Data records Block Start

(* Let $V:\mathcal{H}_L\otimes\mathcal{H}_J\to\mathcal{H}_p$ be the encoding isometry of a subsystem code on a physical system consisting of a collection of subsystems, and let $R$ be a correctable region. Then every dressed-CSP operator $A$ supported on $R$ implements a logical operation of the form $\mathrm{Id}_L\otimes A_J$ for some $A_J\in\mathcal{B}(\mathcal{H}_J)$.
   Context: $\Pi=VV^\dagger$. An operator $A$ on $\mathcal{H}_p$ is codespace-preserving (CSP) if $[A,\Pi]=0$; dressed-CSP if moreover $V^\dagger AV=A_L\otimes A_J$ for some $A_L\in\mathcal{B}(\mathcal{H}_L)$, $A_J\in\mathcal{B}(\mathcal{H}_J)$ (then $A$ implements $A_L\otimes A_J$); bare-CSP if moreover $A_J=\mathrm{Id}_J$. A region $R$ is a set of physical subsystems; $A$ is supported on $R$ if $A=A_R\otimes\mathrm{Id}_{R^c}$. $R$ is correctable if for every $A_L\in\mathcal{B}(\mathcal{H}_L)$ there is a bare-CSP operator supported on $R^c$ implementing $A_L\otimes\mathrm{Id}_J$. *)

theory Defs
  imports Complex_Main "HOL-Library.FuncSet"
begin

(* The physical system consists of finitely many
   subsystems (sites, a finite type 's); site i has orthonormal basis indexed by
   the finite nonempty set D i.  The physical Hilbert space H_p has orthonormal
   basis the configurations phys D = Pi_E UNIV D.  Operators are matrices w.r.t.
   these bases (only their entries on the relevant basis sets matter).
   H_L, H_J have orthonormal bases indexed by finite types 'l, 'j. *)

type_synonym ('s,'b) pop = "('s \<Rightarrow> 'b) \<Rightarrow> ('s \<Rightarrow> 'b) \<Rightarrow> complex"
type_synonym ('l,'j) lop = "('l \<times> 'j) \<Rightarrow> ('l \<times> 'j) \<Rightarrow> complex"

definition phys :: "('s \<Rightarrow> 'b set) \<Rightarrow> ('s \<Rightarrow> 'b) set" where
  "phys D = PiE UNIV D"

definition pop_eq :: "('s \<Rightarrow> 'b set) \<Rightarrow> ('s,'b) pop \<Rightarrow> ('s,'b) pop \<Rightarrow> bool" where
  "pop_eq D A B \<longleftrightarrow> (\<forall>x\<in>phys D. \<forall>y\<in>phys D. A x y = B x y)"

definition pmult :: "('s \<Rightarrow> 'b set) \<Rightarrow> ('s,'b) pop \<Rightarrow> ('s,'b) pop \<Rightarrow> ('s,'b) pop" where
  "pmult D A B = (\<lambda>x y. \<Sum>z\<in>phys D. A x z * B z y)"

definition isometry :: "('s \<Rightarrow> 'b set) \<Rightarrow> (('s \<Rightarrow> 'b) \<Rightarrow> ('l::finite \<times> 'j::finite) \<Rightarrow> complex) \<Rightarrow> bool" where
  "isometry D V \<longleftrightarrow>
     (\<forall>a b. (\<Sum>x\<in>phys D. cnj (V x a) * V x b) = (if a = b then 1 else 0))"

definition code_proj :: "(('s \<Rightarrow> 'b) \<Rightarrow> ('l::finite \<times> 'j::finite) \<Rightarrow> complex) \<Rightarrow> ('s,'b) pop" where
  "code_proj V = (\<lambda>x y. \<Sum>a\<in>UNIV. V x a * cnj (V y a))"

definition enc_conj :: "('s \<Rightarrow> 'b set) \<Rightarrow> (('s \<Rightarrow> 'b) \<Rightarrow> ('l \<times> 'j) \<Rightarrow> complex) \<Rightarrow> ('s,'b) pop \<Rightarrow> ('l,'j) lop" where
  "enc_conj D V A = (\<lambda>a b. \<Sum>x\<in>phys D. \<Sum>y\<in>phys D. cnj (V x a) * A x y * V y b)"

definition id_op :: "'a \<Rightarrow> 'a \<Rightarrow> complex" where
  "id_op = (\<lambda>a b. if a = b then 1 else 0)"

definition tensor :: "('l \<Rightarrow> 'l \<Rightarrow> complex) \<Rightarrow> ('j \<Rightarrow> 'j \<Rightarrow> complex) \<Rightarrow> ('l,'j) lop" where
  "tensor AL AJ = (\<lambda>a b. AL (fst a) (fst b) * AJ (snd a) (snd b))"

definition csp :: "('s \<Rightarrow> 'b set) \<Rightarrow> (('s \<Rightarrow> 'b) \<Rightarrow> ('l::finite \<times> 'j::finite) \<Rightarrow> complex) \<Rightarrow> ('s,'b) pop \<Rightarrow> bool" where
  "csp D V A \<longleftrightarrow> pop_eq D (pmult D A (code_proj V)) (pmult D (code_proj V) A)"

definition implements :: "('s \<Rightarrow> 'b set) \<Rightarrow> (('s \<Rightarrow> 'b) \<Rightarrow> ('l \<times> 'j) \<Rightarrow> complex) \<Rightarrow> ('s,'b) pop \<Rightarrow> ('l,'j) lop \<Rightarrow> bool" where
  "implements D V A M \<longleftrightarrow> enc_conj D V A = M"

definition dressed_csp :: "('s \<Rightarrow> 'b set) \<Rightarrow> (('s \<Rightarrow> 'b) \<Rightarrow> ('l::finite \<times> 'j::finite) \<Rightarrow> complex) \<Rightarrow> ('s,'b) pop \<Rightarrow> bool" where
  "dressed_csp D V A \<longleftrightarrow> csp D V A \<and> (\<exists>AL AJ. implements D V A (tensor AL AJ))"

definition bare_csp :: "('s \<Rightarrow> 'b set) \<Rightarrow> (('s \<Rightarrow> 'b) \<Rightarrow> ('l::finite \<times> 'j::finite) \<Rightarrow> complex) \<Rightarrow> ('s,'b) pop \<Rightarrow> bool" where
  "bare_csp D V A \<longleftrightarrow> csp D V A \<and> (\<exists>AL. implements D V A (tensor AL id_op))"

Data records Block End

Exercise description>
Among the records, find all lines that include the string "indexed" and return them.

Exercise solution>
   subsystems (sites, a finite type 's); site i has orthonormal basis indexed by
   H_L, H_J have orthonormal bases indexed by finite types 'l, 'j. *)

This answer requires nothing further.